As shown in fig. 2, the wireless receiving end further includes a receiving coil and a rectifying and filtering circuit connected to the receiving coil, and the rectifying and filtering circuit is connected to the dummy load switch circuit 20. The dummy load switch circuit 20 includes a dummy resistor R connected in parallel with a battery terminal connected to one end of the dummy resistor R through a second switch K2, and a first switch K1 connected in series with the dummy resistor R. The processor 30 is further configured to control the first switch K1 to be closed when the voltage information of the battery terminal is higher than a preset voltage, and control the second switch K2 to be opened after a preset time.

Specifically, the voltage detection circuit 10 includes a voltage follower B, and a voltage dividing resistor R1 and a voltage dividing resistor R2 connected in parallel to the battery terminal; the voltage follower B collects voltage information between R1 and R2 and sends the voltage information between R1 and R2 to the processor 30. The voltage U between R1 and R2 is divided by R1 and R2 resistors_B(+) -R2/(R1 + R2) × Uout, fed back to the processor 30 through the voltage followers, the processor collects ad (analog to digital) values of the voltage followers respectively, according to U_BThe value of (+) and R1 and R2 can calculate the voltage of the battery terminal, the processor 30 determines that if the feedback value is greater than a preset value, the first switch K1 is closed, the dummy load is switched into the system (the power resistor is selected for the resistor at the position), after a preset time (for example, 2S), the K2 is opened, and the battery is opened.

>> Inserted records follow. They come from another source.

lemma open_partial_path_ends_nonempty:
  assumes "open_partial_path ends S" "e \<in> S"
  shows "ends e \<noteq> {}"
proof -
  obtain es vs where path: "length es \<ge> 2" "length vs + 1 = length es" "set es = S"
     "ends (es ! 0) = {vs ! 0}" "ends (es ! (length es - 1)) = {vs ! (length es - 2)}"
     "\<forall>i. 0 < i \<and> i < length es - 1 \<longrightarrow> ends (es ! i) = {vs ! (i - 1), vs ! i}"
    using assms(1) unfolding open_partial_path_def by blast
  obtain i where "i < length es" "es ! i = e"
    using path(3) assms(2) by (auto simp: in_set_conv_nth)
  then show ?thesis
    using path by (cases "i = 0 \<or> i = length es - 1") auto
qed

lemma closed_path_nonempty: "closed_path ends S \<Longrightarrow> S \<noteq> {}"
  unfolding closed_path_def by auto

lemma open_partial_path_nonempty: "open_partial_path ends S \<Longrightarrow> S \<noteq> {}"
  unfolding open_partial_path_def by auto

lemma iotaF_nonempty:
  assumes lattice: "good_lattice V E F C ends bdF bdV" and "f \<in> F"
  shows "iotaF C bdV f \<noteq> {}"
proof -
  have "closed_path ends (bdF f) \<or> open_partial_path ends (bdF f)"
    using assms unfolding good_lattice_def by blast
  then obtain e where "e \<in> bdF f"
    using closed_path_nonempty open_partial_path_nonempty by blast
  then have "e \<in> E" "f \<in> iotaE F bdF e"
    using assms unfolding good_lattice_def iotaE_def by auto
  moreover from \<open>e \<in> E\<close> have
    "closed_path (iotaF C bdV) (iotaE F bdF e) \<or> open_partial_path (iotaF C bdV) (iotaE F bdF e)"
    using lattice unfolding good_lattice_def by blast
  ultimately show ?thesis
    by (metis closed_path_ends_nonempty open_partial_path_ends_nonempty)
qed

lemma iotaF_eq_doubleton:
  assumes "finite C" "card (iotaF C bdV g) \<le> 2" "a \<in> C" "b \<in> C" "g \<in> bdV a" "g \<in> bdV b" "a \<noteq> b"
  shows "iotaF C bdV g = {a, b}"
proof -
  have "{a, b} \<subseteq> iotaF C bdV g" "finite (iotaF C bdV g)"
    using assms unfolding iotaF_def by auto
  moreover have "card {a, b} = 2" using assms(7) by simp
  ultimately show ?thesis using assms(2) by (metis card_seteq)
qed

definition dual_walk :: "('f \<Rightarrow> 'v set) \<Rightarrow> 'f list \<Rightarrow> 'v list \<Rightarrow> bool" where
  "dual_walk P fs ws \<longleftrightarrow> length ws = Suc (length fs) \<and>
     (\<forall>i < length fs. P (fs ! i) = {ws ! i, ws ! Suc i} \<and> ws ! i \<noteq> ws ! Suc i)"

lemma dual_walk_Nil: "dual_walk P [] ws \<longleftrightarrow> (\<exists>w. ws = [w])"
  unfolding dual_walk_def by (auto simp: length_Suc_conv)

lemma dual_walk_Cons:
  "dual_walk P (g # fs) ws \<longleftrightarrow>
     (\<exists>w ws'. ws = w # ws' \<and> ws' \<noteq> [] \<and> P g = {w, hd ws'} \<and> w \<noteq> hd ws' \<and> dual_walk P fs ws')"
  unfolding dual_walk_def
  by (cases ws) (auto simp: All_less_Suc2 length_Suc_conv)

lemma dual_walk_count_list:
  assumes "dual_walk P fs ws"
  shows "length (filter (\<lambda>g. v \<in> P g) fs) + of_bool (v = hd ws) + of_bool (v = last ws)
           = 2 * count_list ws v"
  using assms
proof (induction fs arbitrary: ws)
  case Nil
  then show ?case by (auto simp: dual_walk_Nil)
next
  case (Cons g fs)
  then obtain w ws' where "ws = w # ws'" "ws' \<noteq> []" "P g = {w, hd ws'}" "w \<noteq> hd ws'"
    "dual_walk P fs ws'"
    by (auto simp: dual_walk_Cons)
  moreover from this have "last ws = last ws'" by simp
  ultimately show ?case using Cons.IH[of ws'] by auto
qed
(* Fix $\mathbf{s} \in \mathcal{S}$. Then, for any decreasing positive sequence $\{\epsilon_l : l \in \mathbb{N}\}$ with $\lim_{l \to \infty} \epsilon_l = 0$, we have $\lim_{l \to \infty} \bar{\mathbf{p}}^{\epsilon_l}(\mathbf{s}) = \bar{\mathbf{p}}(\mathbf{s})$.
   Context: There are $N$ systems $\mathcal{A} = \{1,\ldots,N\}$. $B = [b_{i,j}]$ is a nonnegative $N\times N$ matrix with $b_{i,j} = \beta_{j,i} \ge 0$, $\beta_{i,i}=0$; the directed graph with an edge $(i,j)$ iff $\beta_{i,j}>0$ is weakly connected (not necessarily strongly connected). $\boldsymbol{\lambda} \in \mathbb{R}_+^N$ is the vector of external attack rates (some entries may be zero), $\boldsymbol{\delta} > \mathbf{0}$ the recovery rates, and $\mathbf{q}(\mathbf{s}) = (q_i(s_i))_i$ the breach probabilities with each $q_i:\mathbb{R}_+\to(0,1]$ decreasing, strictly convex, continuously differentiable; $\mathcal{S}\subset\mathbb{R}_+^N$ is convex. The state evolves by $\dot{\mathbf{p}}(t) = (\mathbf{1} - \mathbf{p}(t)) \circ \mathbf{q}(\mathbf{s}) \circ (\boldsymbol{\lambda} + B \mathbf{p}(t)) - \boldsymbol{\delta} \circ \mathbf{p}(t)$ ($\circ$ elementwise), and for fixed $\mathbf{s}$ this system has a unique stable equilibrium $\bar{\mathbf{p}}(\mathbf{s})$, which satisfies $(\mathbf{1} - \mathbf{p}) \circ (\boldsymbol{\lambda} + B \mathbf{p}) - \mathbf{q}(\mathbf{s})^{-1} \circ \boldsymbol{\delta} \circ \mathbf{p} = \mathbf{0}$ (this equation may have multiple solutions). For $\epsilon>0$, $\bar{\mathbf{p}}^{\epsilon}(\mathbf{s}) > \mathbf{0}$ is the unique strictly positive solution of the same equation with $\boldsymbol{\lambda}$ replaced by $\boldsymbol{\lambda}^{\epsilon} := \boldsymbol{\lambda} + \epsilon\mathbf{1}$. *)

theory Defs
  imports "HOL-Analysis.Analysis"
begin

text \<open>Vectors indexed by the finite type 'n (the systems 1..N).
  Matrix B: B $ i $ j = b_{i,j} = beta_{j,i}.\<close>

definition strictly_convex_on :: "real set \<Rightarrow> (real \<Rightarrow> real) \<Rightarrow> bool" where
  "strictly_convex_on A f \<longleftrightarrow>
     (\<forall>x\<in>A. \<forall>y\<in>A. \<forall>u::real. x \<noteq> y \<and> 0 < u \<and> u < 1 \<longrightarrow>
        f (u * x + (1 - u) * y) < u * f x + (1 - u) * f y)"

definition weakly_connected :: "real^'n^'n \<Rightarrow> bool" where
  "weakly_connected B \<longleftrightarrow>
     (let E = {(i,j). B $ j $ i > 0} in \<forall>i j. (i, j) \<in> (E \<union> E\<inverse>)\<^sup>*)"

definition field ::
  "real^'n^'n \<Rightarrow> real^'n \<Rightarrow> real^'n \<Rightarrow> ('n \<Rightarrow> real \<Rightarrow> real) \<Rightarrow> real^'n \<Rightarrow> real^'n \<Rightarrow> real^'n" where
  "field B lam delta q s p =
     (\<chi> i. (1 - p $ i) * q i (s $ i) * (lam $ i + (B *v p) $ i) - delta $ i * p $ i)"

definition unit_cube :: "(real^'n) set" where
  "unit_cube = {p. \<forall>i. 0 \<le> p $ i \<and> p $ i \<le> 1}"

definition is_solution :: "(real^'n \<Rightarrow> real^'n) \<Rightarrow> (real \<Rightarrow> real^'n) \<Rightarrow> bool" where
  "is_solution F x \<longleftrightarrow>
     (\<forall>t\<ge>0. (x has_vector_derivative F (x t)) (at t within {0..}))"

definition stable_equilibrium :: "(real^'n \<Rightarrow> real^'n) \<Rightarrow> real^'n \<Rightarrow> bool" where
  "stable_equilibrium F p \<longleftrightarrow>
     p \<in> unit_cube \<and> F p = 0 \<and>
     (\<forall>e>0. \<exists>d>0. \<forall>x. is_solution F x \<and> x 0 \<in> unit_cube \<and> dist (x 0) p < d
                    \<longrightarrow> (\<forall>t\<ge>0. dist (x t) p < e)) \<and>
     (\<exists>d>0. \<forall>x. is_solution F x \<and> x 0 \<in> unit_cube \<and> dist (x 0) p < d
                 \<longrightarrow> (x \<longlongrightarrow> p) at_top)"

definition pbar :: "real^'n^'n \<Rightarrow> real^'n \<Rightarrow> real^'n \<Rightarrow> ('n \<Rightarrow> real \<Rightarrow> real) \<Rightarrow> real^'n \<Rightarrow> real^'n" where
  "pbar B lam delta q s = (THE p. stable_equilibrium (field B lam delta q s) p)"

definition eq_map ::
  "real^'n^'n \<Rightarrow> real^'n \<Rightarrow> real^'n \<Rightarrow> ('n \<Rightarrow> real \<Rightarrow> real) \<Rightarrow> real^'n \<Rightarrow> real^'n \<Rightarrow> real^'n" where
  "eq_map B lam delta q s p =
     (\<chi> i. (1 - p $ i) * (lam $ i + (B *v p) $ i) - delta $ i / q i (s $ i) * p $ i)"

definition pbar_eps ::
  "real^'n^'n \<Rightarrow> real^'n \<Rightarrow> real^'n \<Rightarrow> ('n \<Rightarrow> real \<Rightarrow> real) \<Rightarrow> real^'n \<Rightarrow> real \<Rightarrow> real^'n" where
  "pbar_eps B lam delta q s eps =
     (THE p. (\<forall>i. p $ i > 0) \<and> eq_map B (lam + eps *\<^sub>R 1) delta q s p = 0)"

end

(*
  For e > 0 the positive equilibria p_eps e, for the external rate lam + e, increase with e,
  and a maximum-ratio comparison even gives p_eps e <= (e / e') p_eps e' for e' <= e.  Hence
  p_eps e converges, as e decreases to 0, to an equilibrium p_lim of the original system, and as
  pbar is the unique stable equilibrium it suffices to show that p_lim is stable.

  The system is cooperative, and its field is negative in every coordinate at p_eps a and
  positive at tau p_lim (0 < tau < 1) on the support of p_lim.  So the order intervals
  [tau p_lim, p_eps a] are forward invariant (a barrier argument at the first exit time), and
  they form a neighbourhood basis of p_lim within the unit cube: this is Lyapunov stability.
  Since the field points inwards uniformly on their faces, a trajectory in one such interval
  enters every smaller one after finitely many steps of fixed length: this is attractivity.
*)
theory Submission
  imports Defs
begin
lemma is_norm_supporting_functional:
  fixes nrm :: "'e::euclidean_space \<Rightarrow> real"
  assumes n: "is_norm nrm"
  obtains f where "\<And>v. f \<bullet> v \<le> nrm v" "f \<bullet> y = nrm y"
proof (cases "y = 0")
  case True
  then show thesis
    using that[of 0] n by (simp add: is_norm_nonneg)
next
  case False
  have p: "0 < nrm y"
    using n False by (rule is_norm_pos)
  let ?S = "{v. nrm v < nrm y}"
  have "0 \<in> ?S"
    using n p by simp
  then obtain a b where a: "a \<noteq> 0" and below: "\<And>w. w \<in> ?S \<Longrightarrow> a \<bullet> w \<le> b" and "b \<le> a \<bullet> y"
    using separating_hyperplane_sets[OF convex_is_norm_strict_sublevel[OF n, of "nrm y"] convex_singleton, of y]
    by auto
  have "0 < nrm a"
    using n a by (rule is_norm_pos)
  then have "(nrm y / (2 * nrm a)) *\<^sub>R a \<in> ?S" and "0 < a \<bullet> ((nrm y / (2 * nrm a)) *\<^sub>R a)"
    using n p a by simp_all
  then have b: "0 < b"
    using below by fastforce
  define f where "f = (nrm y / b) *\<^sub>R a"
  have f_le: "f \<bullet> v \<le> nrm v" for v
    using inner_bound_of_strict_sublevel_bound[OF n p below, of v] b
    unfolding f_def by (simp add: field_simps)
  moreover have "nrm y \<le> f \<bullet> y"
    using \<open>b \<le> a \<bullet> y\<close> b p unfolding f_def by (simp add: field_simps mult_left_mono)
  ultimately show thesis
    using that[of f] f_le[of y] by simp
qed

lemma is_norm_norming_functional:
  fixes nrm :: "'e::euclidean_space \<Rightarrow> real"
  assumes n: "is_norm nrm"
  obtains f where "dual_norm nrm f \<le> 1" "f \<bullet> y = nrm y"
proof -
  obtain f where "\<And>v. f \<bullet> v \<le> nrm v" "f \<bullet> y = nrm y"
    using is_norm_supporting_functional[OF n] by blast
  then show thesis
    using that dual_norm_le_one[OF n] by blast
qed

definition dual_norm_splits ::
  "('e::euclidean_space \<Rightarrow> real) \<Rightarrow> ('e \<Rightarrow> 'e) \<Rightarrow> ('e \<Rightarrow> 'e) \<Rightarrow> bool" where
  "dual_norm_splits nrm P Q \<longleftrightarrow>
     (\<forall>f g. dual_norm nrm (adjoint P f + adjoint Q g) \<le> max (dual_norm nrm f) (dual_norm nrm g))"

lemma is_norm_add_ge_of_dual_norm_splits:
  fixes nrm :: "'e::euclidean_space \<Rightarrow> real"
  assumes n: "is_norm nrm" and split: "dual_norm_splits nrm P Q"
    and lP: "linear P" and lQ: "linear Q"
    and "P u = u" "Q u = 0" "P w = 0" "Q w = w"
  shows "nrm u + nrm w \<le> nrm (u + w)"
proof -
  obtain f where f: "dual_norm nrm f \<le> 1" "f \<bullet> u = nrm u"
    using is_norm_norming_functional[OF n] by blast
  obtain g where g: "dual_norm nrm g \<le> 1" "g \<bullet> w = nrm w"
    using is_norm_norming_functional[OF n] by blast
  define h where "h = adjoint P f + adjoint Q g"
  have "dual_norm nrm h \<le> 1"
    using split f g unfolding dual_norm_splits_def h_def by (metis max.bounded_iff order_trans)
  have "nrm u + nrm w = P (u + w) \<bullet> f + Q (u + w) \<bullet> g"
    using f g assms(5-8) by (simp add: linear_add[OF lP] linear_add[OF lQ] inner_commute)
  also have "\<dots> = h \<bullet> (u + w)"
    unfolding h_def adjoint_works[OF lP, symmetric] adjoint_works[OF lQ, symmetric]
    by (simp add: inner_commute inner_add_left inner_add_right)
  also have "\<dots> \<le> dual_norm nrm h * nrm (u + w)"
    using n by (rule inner_le_dual_norm_mult)
  also have "\<dots> \<le> nrm (u + w)"
    using mult_right_mono[OF \<open>dual_norm nrm h \<le> 1\<close> is_norm_nonneg[OF n]] by simp
  finally show ?thesis .
qed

As shown in fig. 3, the wireless power supply system adopts an LCL-LCL topology, and the current Ip on the inductor Lp of the wireless transmitting terminal is calculated by the formula (1):

Ip＝J(M/w*Lp*Ls)*Uout (1)

wherein J is a twiddle factor; m is a mutual inductance value; and w is the angular frequency of the wireless power supply system.

From the equation (1), it can be seen that the magnitude of the current Ip at LP is related to the output voltage Uout of the wireless receiving end, so when the output voltage of the wireless receiving end changes Uout, the current Ip at LP also changes. Therefore, when the second switch K2 is turned off and the dummy load R is connected and the battery is disconnected, the voltage across the dummy load R is Uout, and Uout will rise, and IP will suddenly increase, and at this time, the wireless transmitting end can determine that the status of the wireless receiving end is battery disconnected or battery charging is completed.

The wireless transmitting end comprises an inverter circuit, the system is converted from a capacitive load to a resistive load after the dummy load R is connected, and the phase of voltage and current output by the wireless transmitting end in an inverting mode is changed. The wireless transmitting terminal is used for detecting the phase difference of the voltage and the current output by the inverter circuit when the dummy load is connected to the wireless receiving terminal and the battery terminal is disconnected, and stopping charging when the phase difference meets the preset condition. The preset conditions are that the phase difference is greater than a preset value and is an abrupt change. The wireless transmitting end considers that the charging of the wireless receiving end is completed or the battery end is disconnected due to faults, the transmitting end disconnects the main power supply and does not provide energy for the receiving coil any more, and therefore the battery and the receiving end device are protected.

As shown in fig. 4, the present embodiment further provides a wireless power supply control method using the wireless power supply control apparatus, including the following steps:

step S101, detecting voltage information of a battery end;

step S102, when the voltage information of the battery end is higher than the preset voltage, the dummy load is connected to the wireless receiving end, and the battery end of the wireless receiving end is disconnected;

step S103, detecting state change information of a wireless transmitting terminal;

and step S104, stopping charging when the state change information meets the preset condition.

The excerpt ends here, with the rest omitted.